Extract all of the entries and give them again, word for word.
━━━
(* Let $f\colon X\to Y$ be a perfect surjective map between regular spaces $X$ and $Y$. If $X$ is very I-favorable, then $Y$ is very I-favorable.
   Context: For a family $\mathcal P$ of open subsets of $X$ contained in a family $\mathcal Q$ of open subsets of $X$, write $\mathcal P\subset_!\mathcal Q$ if for every subfamily $\mathcal S\subset\mathcal P$ and every point $x\notin\operatorname{cl}_X\bigcup\mathcal S$ there exists $W\in\mathcal P$ with $x\in W$ and $W\cap\bigcup\mathcal S=\emptyset$. $[\mathcal Q]^{\le\omega}$ denotes the set of countable subfamilies of $\mathcal Q$. A family $\mathcal C\subset[\mathcal Q]^{\le\omega}$ is a club if (i) for every increasing sequence $C_1\subset C_2\subset\cdots$ in $\mathcal C$, $\bigcup_nC_n\in\mathcal C$, and (ii) every $B\in[\mathcal Q]^{\le\omega}$ is contained in some $C\in\mathcal C$. A space $X$ with topology $\mathcal T_X$ is very I-favorable if $\{\mathcal P\in[\mathcal T_X]^{\le\omega}:\mathcal P\subset_!\mathcal T_X\}$ contains a club. A perfect map is a continuous closed map whose fibers are compact. *)

theory Defs
  imports "HOL-Analysis.Analysis"
begin

definition opens :: "'a topology \<Rightarrow> 'a set set" where
  "opens X = {U. openin X U}"

definition sub_bang :: "'a topology \<Rightarrow> 'a set set \<Rightarrow> 'a set set \<Rightarrow> bool" where
  "sub_bang X P Q \<longleftrightarrow> P \<subseteq> Q \<and> Q \<subseteq> opens X \<and>
     (\<forall>S \<subseteq> P. \<forall>x \<in> topspace X. x \<notin> X closure_of (\<Union>S) \<longrightarrow>
        (\<exists>W \<in> P. x \<in> W \<and> W \<inter> \<Union>S = {}))"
━━━
> _WRITTEN REPLY_:
(* Let $f\colon X\to Y$ be a perfect surjective map between regular spaces $X$ and $Y$. If $X$ is very I-favorable, then $Y$ is very I-favorable.
   Context: For a family $\mathcal P$ of open subsets of $X$ contained in a family $\mathcal Q$ of open subsets of $X$, write $\mathcal P\subset_!\mathcal Q$ if for every subfamily $\mathcal S\subset\mathcal P$ and every point $x\notin\operatorname{cl}_X\bigcup\mathcal S$ there exists $W\in\mathcal P$ with $x\in W$ and $W\cap\bigcup\mathcal S=\emptyset$. $[\mathcal Q]^{\le\omega}$ denotes the set of countable subfamilies of $\mathcal Q$. A family $\mathcal C\subset[\mathcal Q]^{\le\omega}$ is a club if (i) for every increasing sequence $C_1\subset C_2\subset\cdots$ in $\mathcal C$, $\bigcup_nC_n\in\mathcal C$, and (ii) every $B\in[\mathcal Q]^{\le\omega}$ is contained in some $C\in\mathcal C$. A space $X$ with topology $\mathcal T_X$ is very I-favorable if $\{\mathcal P\in[\mathcal T_X]^{\le\omega}:\mathcal P\subset_!\mathcal T_X\}$ contains a club. A perfect map is a continuous closed map whose fibers are compact. *)

theory Defs
  imports "HOL-Analysis.Analysis"
begin

definition opens :: "'a topology \<Rightarrow> 'a set set" where
  "opens X = {U. openin X U}"

definition sub_bang :: "'a topology \<Rightarrow> 'a set set \<Rightarrow> 'a set set \<Rightarrow> bool" where
  "sub_bang X P Q \<longleftrightarrow> P \<subseteq> Q \<and> Q \<subseteq> opens X \<and>
     (\<forall>S \<subseteq> P. \<forall>x \<in> topspace X. x \<notin> X closure_of (\<Union>S) \<longrightarrow>
        (\<exists>W \<in> P. x \<in> W \<and> W \<inter> \<Union>S = {}))"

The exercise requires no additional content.